The NSX software in the vCloud Director environment provides the ability to use Secure Sockets Layer (SSL) certificates with the SSL VPN-Plus and IPsec VPN tunnels you configure for your edge gateways. If the edge gateway for your vCloud Director organization virtual data center has been converted to an advanced edge gateway, you can use the vCloud Director tenant portal to work with the certificates of that edge gateway.
The edge gateways in your vCloud Director environment support self-signed certificates, certificates signed by a Certification Authority (CA), and certificates generated and signed by a CA. Using the tenant portal, you can generate certificate signing requests (CSRs), import the certificates, manage the imported certificates, and create certificate revocation lists (CRLs).
About Using Certificates with Your Organization Virtual Datacenter
You can manage certificates for the following networking areas in your vCloud Director organization virtual data center.
- IPsec VPN tunnels between an organization virtual data center network and a remote network.
- SSL VPN-Plus connections between remote users to private networks and web resources in your organization virtual data center.
- An L2 VPN tunnel between two NSX edge gateways.
- The virtual servers and pools servers configured for load balancing in your organization virtual data center
How to Use Client Certificates
You can create a client certificate through a CAI command or REST call.
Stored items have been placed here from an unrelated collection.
(* Let $X$ be a Banach space and $k\in\mathbb{N}$, and assume $X$ admits a $k$-spreading model equivalent to the usual basis of $\ell^1$. Then for every $\varepsilon>0$ there exists a $k$-sequence $(y_s)_{s\in[\mathbb{N}]^k}$ in $X$ with $1-\varepsilon\le\|y_s\|\le1$ for all $s$, which generates a $k$-spreading model $(\widetilde e_n)_n$ satisfying $\|\sum_{i=1}^n a_i\widetilde e_i\|\ge(1-\varepsilon)\sum_{i=1}^n|a_i|$ for all $n$ and all reals $a_1,\dots,a_n$.
   Context: $[M]^k$: $k$-subsets of $M\subseteq\mathbb{N}$ (increasing enumerations, $M(l)$ the $l$-th element of $M$). A $k$-sequence in $X$ is a map $[\mathbb{N}]^k\to X$. Plegma family: $(s_j)_{j=1}^l$ in $[M]^k$ with $s_1(i)<\dots<s_l(i)$ ($i\le k$) and $s_l(i)<s_1(i+1)$ ($i<k$). $(x_s)_{s\in[M]^k}$ generates the Hamel basis $(e_n)$ of a seminormed space $(E,\|\cdot\|_* )$ as a $k$-spreading model if for a null sequence $\delta_l>0$: $|\|\sum_{j=1}^m a_jx_{s_j}\|-\|\sum_{j=1}^m a_je_j\|_*|\le\delta_l$ for all $m\le l$, plegma $(s_j)_{j=1}^m$ in $[M]^k$ with $s_1(1)\ge M(l)$, $a_j\in[-1,1]$. $X$ admits $(e_n)$ as a $k$-spreading model if some $k$-sequence in $X$ and some infinite $M$ generate it. *)

theory Defs
  imports "HOL-Analysis.Analysis" "HOL-Library.Infinite_Set"
begin

text \<open>A k-subset s of M, identified with its increasing enumeration.\<close>
definition kset :: "nat set \<Rightarrow> nat \<Rightarrow> nat set \<Rightarrow> bool" where
  "kset M k s \<longleftrightarrow> finite s \<and> s \<subseteq> M \<and> card s = k"
section \<open>Adding a node moves a bead one step up\<close>

lemma part_of_dg_add_addable:
  assumes lam: "is_partition lam" and ad: "addable lam (a, b)"
  shows "is_partition (part_of_dg (dg lam \<union> {(a, b)}))" "1 \<le> a" "b = part lam a + 1"
    and "\<And>a'. 1 \<le> a' \<Longrightarrow>
      part (part_of_dg (dg lam \<union> {(a, b)})) a' = (if a' = a then part lam a + 1 else part lam a')"
proof -
  have a1: "1 \<le> a" "1 \<le> b" "(a, b) \<notin> dg lam" "a = 1 \<or> (a - 1, b) \<in> dg lam"
    using ad unfolding addable_def by auto
  have b: "b = part lam a + 1" using ad unfolding addable_def dg_part by auto
  have prev: "part lam a + 1 \<le> part lam (a - 1)" if "a \<noteq> 1" using a1 b that unfolding dg_part by auto
  define f where "f a' = (if a' = a then part lam a + 1 else part lam a')" for a'
  have anti: "f a'' \<le> f a'" if "1 \<le> a'" "a' \<le> a''" for a' a''
  proof -
    have pm: "part lam a'' \<le> part lam a'" using part_antimono[OF lam that] .
    consider "a' = a" | "a'' = a" "a' \<noteq> a" | "a' \<noteq> a" "a'' \<noteq> a" by blast
    thus ?thesis
    proof cases
      case 2
      hence "part lam (a - 1) \<le> part lam a'" "a \<noteq> 1"
        using part_antimono[OF lam, of a' "a - 1"] that by auto
      thus ?thesis using 2 prev by (simp add: f_def)
    qed (use pm in \<open>simp_all add: f_def\<close>)
  qed
  have "a \<le> length lam + 1"
  proof (rule ccontr)
    assume "\<not> ?thesis"
    hence "a \<noteq> 1" "part lam (a - 1) = 0" by (auto simp: part_zero)
    thus False using prev by simp
  qed
  hence "f a' = 0" if "length lam + 1 < a'" for a' using that by (simp add: f_def part_zero)
  then obtain l where l: "is_partition l" "\<And>a'. 1 \<le> a' \<Longrightarrow> part l a' = f a'"
    using partition_of_antimono[of f "length lam + 1"] anti by blast
  have "dg l = dg lam \<union> {(a, b)}"
    unfolding dg_part using l(2) b a1(1) by (auto simp: f_def le_Suc_eq split: if_splits)
  have l_eq: "part_of_dg (dg lam \<union> {(a, b)}) = l"
    unfolding part_of_dg_def
  proof (rule the_equality)
    show "is_partition l \<and> dg l = dg lam \<union> {(a, b)}" using l(1) \<open>dg l = dg lam \<union> {(a, b)}\<close> by simp
    fix l' assume "is_partition l' \<and> dg l' = dg lam \<union> {(a, b)}"
    thus "l' = l" using dg_inj[of l' l] l(1) \<open>dg l = dg lam \<union> {(a, b)}\<close> by simp
  qed
  show "is_partition (part_of_dg (dg lam \<union> {(a, b)}))" using l(1) l_eq by simp
  show "1 \<le> a" "b = part lam a + 1" using a1(1) b .
  show "part (part_of_dg (dg lam \<union> {(a, b)})) a' = (if a' = a then part lam a + 1 else part lam a')"
    if "1 \<le> a'" for a'
    using l(2)[OF that] l_eq by (simp add: f_def)
qed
You can then distribute this certificate to your remote users, who can install the certificate on their web browser.
The main benefit of implementing client certificates is that a reference client certificate for each remote user can be stored and checked against the client certificate presented by the remote user. To prevent future connections from a certain user, you can delete the reference certificate from the security server list of client certificates. Deleting the certificate denies connections from that user.